AAGI-AU-RD-BFA: Exploring a flexible Bayesian framework for ASReml-compatible inference and prediction
Authors:
- Max Moldovan (Adelaide University),
- Emi Tanaka (Australian National University),
- Anabel Deltell (University of Valencia),
- Beata Sznajder (Adelaide University),
- Francis Hui (Australian National University)
The software package ASReml-R (The VSNi Team, 2023) offers a powerful and efficient framework for fitting complex linear mixed models, particularly in the fields of agriculture, plant breeding, and quantitative genetics. Its core strength lies in its ability to handle large unbalanced hierarchical datasets with multiple sources of random variation, often encountered in grain production practices. Unlike many general-purpose modelling tools, ASReml-R provides accurate control over variance structures, including spatial, temporal and autoregressive correlations, and supports complex model terms such as factor-level-specific variances, genotype-by-environment-by-management (GxExM) interactions, and non-linear associations. This flexibility combined with its speed and memory efficiency make it suited for small-to-moderately sized datasets and complex model structures.
However, in the context of future industry data complexity, it is starting to become clear that there are several constraining issues with using current and future versions of ASReml-R. These are outlined below:
- It requires a commercial license form VSNi which can be a significant cost for individuals or organizations that are intending to use it regularly. These costs further rise when it’s required to be used in conjunction with HPC.
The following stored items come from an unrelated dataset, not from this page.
(* With $w_1=\alpha A+bC$, $u=\alpha B+bD$, $w_2=\delta D+cB$, $v=cA+\delta C$ (the entries of $\Omega=\mathsf dT\,T^{-1}$, where $T^{-1}=\begin{pmatrix}A&B\\C&D\end{pmatrix}$), the following hold in $\Gamma$: $w_1u=uw_1-2hu^2$, $w_2u=uw_2$, $w_1v=vw_1+2h(w_1w_2-uv)$, $w_2v=vw_2$, $w_1w_2=-w_2w_1-2huw_2$, $w_1^2=-2huw_1$, $w_2^2=0$, $uv=vu-2huw_2$. Moreover $\mathcal D_h=ad^{-1}-\beta d^{-1}\gamma d^{-1}$ and $\hat{\mathcal D}=bc^{-1}-\alpha c^{-1}\delta c^{-1}$ commute with $w_1,w_2,u,v$.
   Context: Let $h$ be an odd (Grassmann) parameter with $h^2=0$; even elements commute with everything and odd elements anticommute with each other. $\mathcal A$ is the $\mathbb Z_2$-graded algebra generated by even invertible $a,d$ and odd $\beta,\gamma$ ($h$ commuting with $a,d$, anticommuting with $\beta,\gamma$) subject to $a\beta=\beta a$, $a\gamma=\gamma a+h a^2(1-\mathcal D_h^{-1})$, $d\beta=\beta d$, $d\gamma=\gamma d+h d^2(\mathcal D_h-1)$, $\beta^2=0$, $\gamma^2=h\gamma d(1-\mathcal D_h)$, $\beta\gamma=-\gamma\beta+h\beta d(1-\mathcal D_h)$, $ad=da+h\beta d(\mathcal D_h-1)$, with $\mathcal D_h=ad^{-1}-\beta d^{-1}\gamma d^{-1}$; $T=\begin{pmatrix}a&\beta\\ \gamma&d\end{pmatrix}$ and $T^{-1}=\begin{pmatrix}a^{-1}+a^{-1}\beta d^{-1}\gamma a^{-1}&-a^{-1}\beta d^{-1}\\ -d^{-1}\gamma a^{-1}& d^{-1}+d^{-1}\gamma a^{-1}\beta d^{-1}\end{pmatrix}$. The differential algebra $\Gamma$ is the $\mathbb Z_2$-graded algebra generated by $\mathcal A$ together with odd elements $\alpha=\mathsf da,\ \delta=\mathsf dd$ and even elements $b=\mathsf d\beta,\ c=\mathsf d\gamma$ ($c$ invertible; $h$ anticommutes with $\alpha,\delta$), where $\mathsf d$ is an odd map with $\mathsf d^2=0$, graded Leibniz rule and $\mathsf dh=-h\mathsf d$, subject to the relations $a\alpha=\alpha a+h(\alpha\beta-ba)$, $ab=ba-hb\beta$, $ac=ca+h(\alpha a-c\beta+\delta a)$, $a\delta=\delta a+h(ba+\delta\beta)$; $\beta\alpha=-\alpha\beta+hb\beta$, $\beta b=b\beta$, $\beta c=c\beta+h(\alpha+\delta)\beta$, $\beta\delta=-\delta\beta-hb\beta$; $\gamma\alpha=-\alpha\gamma+h(\alpha a+\alpha d+b\gamma)$, $\gamma b=b\gamma+hb(a+d)$, $\gamma c=c\gamma+h(\alpha\gamma+ca+cd+\delta\gamma)$, $\gamma\delta=-\delta\gamma+h(\delta a+\delta d-b\gamma)$; $d\alpha=\alpha d-h(\alpha\beta+bd)$, $db=bd+hb\beta$, $dc=cd+h(\alpha d+c\beta+\delta d)$, $d\delta=\delta d+h(bd-\delta\beta)$; and $\alpha b=b\alpha+hb^2$, $\alpha c=c\alpha+h(cb+\delta\alpha)$, $\delta b=b\delta-hb^2$, $\delta c=c\delta-h(cb-\alpha\delta)$, $\alpha^2=h\alpha b$, $\alpha\delta=-\delta\alpha+h(\delta-\alpha)b$, $\delta^2=-h\delta b$, $bc=cb+h(\delta+\alpha)b$. *)

theory Defs
  imports Complex_Main
begin

end

theory Submission
  imports Defs
begin

text \<open>The defining relations of \<open>\<Gamma>\<close> form a rewriting system that brings every product of
  generators into the order \<open>c < b < \<delta> < \<alpha> < \<gamma> < \<beta> < d < a\<close> (inverses next to their
  elements, \<open>h\<close> in front), each rewrite producing a correction that is a multiple of \<open>h\<close>.
  Expanding both sides of an identity in the generators and normal-ordering them decides it.
  Since \<open>h\<^sup>2 = 0\<close>, corrections of corrections vanish, so the \<open>h\<close>-free part and the
  first-order correction can be normal-ordered one after the other.
  The one relation leaving the generators is that for \<open>a \<gamma>\<close>, through \<open>Dh\<^sup>-\<^sup>1\<close>. As it only
  occurs multiplied by \<open>h\<close>, \<open>Dh\<^sup>-\<^sup>1\<close> may there be replaced by the inverse of \<open>Dh\<close> modulo \<open>h\<close>,
  namely \<open>d a\<^sup>-\<^sup>1 - \<gamma> \<beta> a\<^sup>-\<^sup>2\<close>.\<close>

lemma mult_left_commute_plus:
  fixes x y z Q :: "'a::ring"
  assumes "y * x = x * y + Q"
  shows "y * (x * z) = x * (y * z) + Q * z"
  by (metis assms distrib_right mult.assoc)

lemma mult_left_anticommute_plus:
  fixes x y z Q :: "'a::ring"
  assumes "y * x = - (x * y) + Q"
  shows "y * (x * z) = - (x * (y * z)) + Q * z"
  by (metis assms distrib_right mult.assoc mult_minus_left)

lemma left_inverse_commute_plus:
  fixes x xi y Q :: "'a::ring_1"
  assumes "x * y = y * x + Q" and "x * xi = 1" and "xi * x = 1"
  shows "xi * y = y * xi - xi * Q * xi"
proof -
  have "y * xi = xi * (x * y) * xi"
    using assms(3) by (simp flip: mult.assoc)
  also have "\<dots> = xi * (y * x + Q) * xi"
    using assms(1) by simp
  also have "\<dots> = xi * y + xi * Q * xi"
    using assms(2) by (simp add: ring_distribs mult.assoc)
  finally show ?thesis
    by (simp add: algebra_simps)
qed

lemma right_inverse_commute_plus:
  fixes x y yi Q :: "'a::ring_1"
  assumes "x * y = y * x + Q" and "y * yi = 1" and "yi * y = 1"
  shows "x * yi = yi * x - yi * Q * yi"
proof -
  have "yi * x = yi * (x * y) * yi"
    using assms(2) by (simp add: mult.assoc)
  also have "\<dots> = yi * (y * x + Q) * yi"
    using assms(1) by simp
  also have "\<dots> = x * yi + yi * Q * yi"
    using assms(3) by (simp add: ring_distribs flip: mult.assoc)
  finally show ?thesis
    by (simp add: algebra_simps)
qed

lemma commute_imp_commute_inverse:
  fixes x y yi :: "'a::ring_1"
  assumes "x * y = y * x" and "y * yi = 1" and "yi * y = 1"
  shows "x * yi = yi * x"
  using right_inverse_commute_plus[of x y 0 yi] assms by simp

lemma left_inverse_reorder:
  fixes x xi y h R :: "'a::ring_1"
  assumes "x * y = y * x + h * R" and "x * xi = 1" and "xi * x = 1" and "h * xi = xi * h"
  shows "xi * y = y * xi + h * (- (xi * R * xi))"
proof -
  have "xi * (h * R) * xi = h * (xi * R * xi)"
    using assms(4) by (metis mult.assoc)
  then show ?thesis
    using left_inverse_commute_plus[OF assms(1-3)] by simp
qed

lemma right_inverse_reorder:
  fixes x y yi h R :: "'a::ring_1"
  assumes "x * y = y * x + h * R" and "y * yi = 1" and "yi * y = 1" and "h * yi = yi * h"
  shows "x * yi = yi * x + h * (- (yi * R * yi))"
proof -
  have "yi * (h * R) * yi = h * (yi * R * yi)"
    using assms(4) by (metis mult.assoc)
  then show ?thesis
    using right_inverse_commute_plus[OF assms(1-3)] by simp
qed

locale Gamma_algebra =
  fixes h a d \<beta> \<gamma> \<alpha> \<delta> b c ai di ci Dh Dhi :: "'r :: ring_1"
  assumes inv_a: "a * ai = 1" "ai * a = 1"
      and inv_d: "d * di = 1" "di * d = 1"
      and inv_c: "c * ci = 1" "ci * c = 1"
      and Dh_def: "Dh = a * di - \<beta> * di * \<gamma> * di"
      and inv_Dh: "Dh * Dhi = 1" "Dhi * Dh = 1"
      and h_rels: "h * h = 0" "h * a = a * h" "h * d = d * h" "h * b = b * h" "h * c = c * h"
                  "h * \<beta> = - (\<beta> * h)" "h * \<gamma> = - (\<gamma> * h)"
                  "h * \<alpha> = - (\<alpha> * h)" "h * \<delta> = - (\<delta> * h)"
      and A_rels:
        "a * \<beta> = \<beta> * a"
        "a * \<gamma> = \<gamma> * a + h * a^2 * (1 - Dhi)"
        "d * \<beta> = \<beta> * d"
        "d * \<gamma> = \<gamma> * d + h * d^2 * (Dh - 1)"
        "\<beta> * \<beta> = 0"
        "\<gamma> * \<gamma> = h * \<gamma> * d * (1 - Dh)"
        "\<beta> * \<gamma> = - (\<gamma> * \<beta>) + h * \<beta> * d * (1 - Dh)"
        "a * d = d * a + h * \<beta> * d * (Dh - 1)"
      and rels_a:
        "a * \<alpha> = \<alpha> * a + h * (\<alpha> * \<beta> - b * a)"
        "a * b = b * a - h * b * \<beta>"
        "a * c = c * a + h * (\<alpha> * a - c * \<beta> + \<delta> * a)"
        "a * \<delta> = \<delta> * a + h * (b * a + \<delta> * \<beta>)"
      and rels_beta:
        "\<beta> * \<alpha> = - (\<alpha> * \<beta>) + h * b * \<beta>"
        "\<beta> * b = b * \<beta>"
        "\<beta> * c = c * \<beta> + h * (\<alpha> + \<delta>) * \<beta>"
        "\<beta> * \<delta> = - (\<delta> * \<beta>) - h * b * \<beta>"
      and rels_gamma:
        "\<gamma> * \<alpha> = - (\<alpha> * \<gamma>) + h * (\<alpha> * a + \<alpha> * d + b * \<gamma>)"
        "\<gamma> * b = b * \<gamma> + h * b * (a + d)"
        "\<gamma> * c = c * \<gamma> + h * (\<alpha> * \<gamma> + c * a + c * d + \<delta> * \<gamma>)"
        "\<gamma> * \<delta> = - (\<delta> * \<gamma>) + h * (\<delta> * a + \<delta> * d - b * \<gamma>)"
      and rels_d:
        "d * \<alpha> = \<alpha> * d - h * (\<alpha> * \<beta> + b * d)"
        "d * b = b * d + h * b * \<beta>"
        "d * c = c * d + h * (\<alpha> * d + c * \<beta> + \<delta> * d)"
        "d * \<delta> = \<delta> * d + h * (b * d - \<delta> * \<beta>)"
      and rels_diff:
        "\<alpha> * b = b * \<alpha> + h * b^2"
        "\<alpha> * c = c * \<alpha> + h * (c * b + \<delta> * \<alpha>)"
        "\<delta> * b = b * \<delta> - h * b^2"
        "\<delta> * c = c * \<delta> - h * (c * b - \<alpha> * \<delta>)"
        "\<alpha> * \<alpha> = h * \<alpha> * b"
        "\<alpha> * \<delta> = - (\<delta> * \<alpha>) + h * (\<delta> - \<alpha>) * b"
        "\<delta> * \<delta> = - (h * \<delta> * b)"
        "b * c = c * b + h * (\<delta> + \<alpha>) * b"
begin

text \<open>\<open>hcorr z\<close> marks a first-order correction \<open>h * z\<close>. The congruence rule stops the
  simplifier from rewriting inside the marker, so corrections are normal-ordered only in a second
  pass, where every correction of a correction is generated next to a factor \<open>h\<close> and vanishes.\<close>

definition hcorr :: "'r \<Rightarrow> 'r" where "hcorr z = h * z"

lemma hcorr_cong [cong]: "hcorr z = hcorr z" ..

lemma reorder_commute:
  assumes "y * x = x * y + h * R"
  shows "y * x = x * y + hcorr R" and "y * (x * z) = x * (y * z) + hcorr (R * z)"
  using assms mult_left_commute_plus[OF assms] by (simp_all add: hcorr_def mult.assoc)

lemma reorder_anticommute:
  assumes "y * x = - (x * y) + h * R"
  shows "y * x = - (x * y) + hcorr R" and "y * (x * z) = - (x * (y * z)) + hcorr (R * z)"
  using assms mult_left_anticommute_plus[OF assms] by (simp_all add: hcorr_def mult.assoc)

lemma reorder_square:
  assumes "y * y = h * R"
  shows "y * y = hcorr R" and "y * (y * z) = hcorr (R * z)"
  using assms by (simp_all add: hcorr_def flip: mult.assoc)

lemma h_commute_moves:
  assumes "h * g = g * h"
  shows "g * h = h * g" and "g * (h * z) = h * (g * z)" and "g * hcorr z = hcorr (g * z)"
  using assms by (simp_all add: hcorr_def flip: mult.assoc)

lemma h_anticommute_moves:
  assumes "h * g = - (g * h)"
  shows "g * h = - (h * g)" and "g * (h * z) = - (h * (g * z))"
    and "g * hcorr z = - hcorr (g * z)"
  using assms by (simp_all add: hcorr_def flip: mult.assoc)

lemma hcorr_simps:
  "h * h = 0" "h * (h * z) = 0" "h * hcorr z = 0" "hcorr z * w = hcorr (z * w)" "hcorr 0 = 0"
  using h_rels(1) by (simp_all add: hcorr_def flip: mult.assoc)

lemma inverse_simps:
  "a * ai = 1" "ai * a = 1" "d * di = 1" "di * d = 1" "c * ci = 1" "ci * c = 1"
  "a * (ai * z) = z" "ai * (a * z) = z" "d * (di * z) = z" "di * (d * z) = z"
  "c * (ci * z) = z" "ci * (c * z) = z"
  using inv_a inv_d inv_c by (simp_all flip: mult.assoc)

lemma h_commute_inverses: "h * ai = ai * h" "h * di = di * h" "h * ci = ci * h"
  using commute_imp_commute_inverse[OF h_rels(2) inv_a]
    commute_imp_commute_inverse[OF h_rels(3) inv_d]
    commute_imp_commute_inverse[OF h_rels(5) inv_c] .

lemmas h_to_front =
  h_commute_moves[OF h_rels(2)] h_commute_moves[OF h_rels(3)]
  h_commute_moves[OF h_rels(4)] h_commute_moves[OF h_rels(5)]
  h_commute_moves[OF h_commute_inverses(1)] h_commute_moves[OF h_commute_inverses(2)]
  h_commute_moves[OF h_commute_inverses(3)]
  h_anticommute_moves[OF h_rels(6)] h_anticommute_moves[OF h_rels(7)]
  h_anticommute_moves[OF h_rels(8)] h_anticommute_moves[OF h_rels(9)]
- ASReml-R 4.2 is now being supported solely by VSNi and this has resulted in many issues including installation problems as well as bugs that have arisen through cutting edge research undertaken in AAGI.
- It’s a linear mixed model package that, outside approximation, is inherently constrained by linearity in its underlying model.
- Again, outside approximate methods, the underlying optimisation method requires tractability of the objective function being optimised (likelihood) to ensure straightforward parameter estimation and evaluation of model parameters. This means, in most cases, that parameters are required to be normally distributed.
- In some cases the software becomes unwieldy for models containing large numbers of fixed effects or complex interactions.
This project attempts to overcome these constraints through the exploration and development of a next-generation, open-source Bayesian modelling framework closely tailored to the current and future needs of the Australian grains industry. This approach overcomes the constraints through:
- Having easily accessible open-source Bayesian software that will significantly reduce user costs.
- Accessible support from software package owners.
- Flexibility to specify non-linearity in the Bayesian hierarchical models.
- Flexibility to specify non-normality of parameters and tackle intractable analyses.
- Flexibility in the size and complexity of data structures.
The proposed solution will explore the open-source suite of R package Bayesian tools available on the market that include, greta, Stan (brms), NIMBLE, JAGS (rjags), and INLA. To ensure industry relevance these will be benchmarked against ASReml-R using relevant data from the industry. The last three dot points will also allow us to explore the potential extended modelling capabilities of each of the software packages to help prepare a guide for their future use with the Australian grains industry. Further details and uses cases can be found in the Analytics & Methodology Justification section.